King’s Mill patient ‘left to sit in own mess’

Michael Green, who has complained about his treatment at King's Mill Hospital.
Michael Green, who has complained about his treatment at King's Mill Hospital.

THE sister of a disabled man has slammed the care he received from King’s Mill Hospital after he was repeatedly left sitting in a soiled bed for hours at a time.

Michael Green and his sister Sue contacted Chad after failing to get a response from the hospital when they complained about the treatment Michael received when he was admitted in December.

NMAC11-1277-5''Kings Mill Hospital

NMAC11-1277-5''Kings Mill Hospital

Michael (45), who lives in Mansfield Woodhouse, has spina bifida and is paralysed from the waist down. He is frequently taken into hospital with problems with his legs, which are prone to infection, and with chest infections.

But he and Sue were left ‘disgusted’ with the treatment that he received at King’s Mill this time round - with Sue even having to call the ward on two occasions to request that someone clean Michael up after he sent her text messages complaining that nobody was helping him.

Michael said: “I have been left to sit in my own mess an hour, sometimes just over an hour, but on the last incident I was left for three hours.

“My sister had to ring them up to get them to change me. She should not have to do that.”

Sue, who lives in Newark, said that the way he has been treated had really got Michael down.

“It’s just so heartbreaking to see what he has to go through when he is in there,” she said.

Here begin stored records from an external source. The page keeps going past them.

(* Let $n\ge2$ and $\xi=(\xi^{n-1},\xi_n)\in M_a^{n-1}\times M_s\subset[M(H^\infty(\mathbb{D}))]^n$. Let $\zeta=\{z_k\}_{k\in\mathbb{N}}\subset\mathbb{D}^{n-1}$ be a sequence that is the Cartesian product of interpolating sequences for $H^\infty(\mathbb{D})$ in the coordinate disks, is interpolating for $H^\infty(\mathbb{D}^{n-1})$, and whose closure in $[M(H^\infty(\mathbb{D}))]^{n-1}$ contains $\xi^{n-1}$. Let $R:H^\infty(\mathbb{D}^n)\to H^\infty(\mathbb{D}\times\mathbb{N})$, $R(f)(k):=f(z_k,\cdot)$, and $R^*(\varphi)=\varphi\circ R$. Let $G$ be an analytic disk in $M(H^\infty(\mathbb{D}\times\mathbb{N}))$ such that $R^*(G)$ contains a point $\eta\in F_\xi=\pi_n^{-1}(\xi)$. Then $R^*(G)\subset F_\xi$.
   Context: $\mathbb{D}$ is the open unit disk; $M(B)$ is the maximal ideal space of a commutative unital Banach algebra $B$ with weak-* topology, $\hat f$ the Gelfand transform. $H^\infty(\mathbb{D}\times\mathbb{N})$ is the algebra of sequences $(g_k)_{k\in\mathbb{N}}$ of functions in $H^\infty(\mathbb{D})$ with $\sup_k\|g_k\|_\infty<\infty$, normed by this supremum. An analytic disk in $M(H^\infty(\mathbb{D}\times\mathbb{N}))$ is the image of a continuous injective map $\tau:\mathbb{D}\to M(H^\infty(\mathbb{D}\times\mathbb{N}))$ with $\hat f\circ\tau\in H^\infty(\mathbb{D})$ for all $f$ in the algebra. Interpolating sequences: every bounded sequence of values is attained by a function of the algebra. $\mathbb{D}^n$ embeds into $M(H^\infty(\mathbb{D}^n))$ by point evaluations with closure $\operatorname{cl}(\mathbb{D}^n)$; $\mathbb{D}^m$ embeds in $[M(H^\infty(\mathbb{D}))]^m$ coordinatewise. $\pi_n(\varphi)=(\varphi\circ\iota_1,\dots,\varphi\circ\iota_n)$ with $\iota_j(f)(z)=f(z_j)$; $F_\xi:=\pi_n^{-1}(\xi)\cap\operatorname{cl}(\mathbb{D}^n)$, which in this setting equals $\pi_n^{-1}(\xi)$. Pseudohyperbolic distance on $M(H^\infty(\mathbb{D}))$: $\rho(\xi,\eta)=\sup\{|\hat f(\eta)|:\hat f(\xi)=0,\|f\|_\infty\le1\}$; Gleason parts are the classes $\{\eta:\rho(\xi,\eta)<1\}$; $M_a$ is the union of non-singleton Gleason parts and $M_s$ its complement. *)

theory Defs
  imports "HOL-Analysis.Analysis"
begin

definition polydisk :: "nat \<Rightarrow> (nat \<Rightarrow> complex) set" where
  "polydisk n = {z. (\<forall>i<n. z i \<in> ball 0 1) \<and> (\<forall>i. n \<le> i \<longrightarrow> z i = 0)}"

text \<open>H-infinity of the disk; functions are normalised to vanish off the disk,
  so that the algebra operations are pointwise and the unit is the indicator of the disk.\<close>
definition Hinf_disk :: "(complex \<Rightarrow> complex) set" where
  "Hinf_disk = {f. f holomorphic_on ball 0 1 \<and> bounded (f ` ball 0 1)
                  \<and> (\<forall>w. w \<notin> ball 0 1 \<longrightarrow> f w = 0)}"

“He gets so stressed out. A few times he has discharged himself because he is that fed up with the things that happen there.”

Sue said that previous complaints they have made about the hospital have been resolved, but on this occasion, after four phonecalls and a letter, they have heard nothing back.

Their concerns this time have also centred on privacy issues and that Michael’s leg bandages were not changed often enough.

Michael said that the district nurse who visited him at home after he was discharged, told him his legs were in a worse state than when he was admitted to hospital.

“She couldn’t believe it when she saw the state of his bandages,” Sue (58) said.

“He feels humiliated. He feels degraded.

“I am disgusted with them, I really am.”

Susan Bowler, executive director of nursing and quality at Sherwood Forest Hospitals NHS Foundation Trust - which runs King’s Mill - said she was ‘sorry’ that the Greens were unhappy with Michael’s care.

“Our dedicated staff are committed to providing first class care for our patients and I am therefore sorry that Ms Green is unhappy with the care of her brother,” she said.

“Across all of our wards we are currently implementing ‘intentional rounding’, a method of evaluating at hourly intervals the nursing care we deliver to ensure that the individualised care of patients is delivered safely and reliably. This supports nurses to ensure patients’ dignity needs are addressed quickly.”

Ms Bowler said that care, dignity and compassion are vital skills to ensure patients are treated with respect and dignity and nurses have been given extensive training to promote skills development and knowledge on basic care needs.

Six ward leaders are also taking part in the Royal College of Nursing’s leadership programme to ensure they have the necessary skills and knowledge to lead their teams in delivering best care for patients.

“I am truly saddened and sorry to hear that we have let Mr Green and his family down,” she added.

“This is not acceptable and we will endeavour through actions like those I have outlined to ensure we deliver high quality care to our patients.

“We will be contacting Ms Green to offer a meeting with senior nursing staff to discuss her concerns directly.”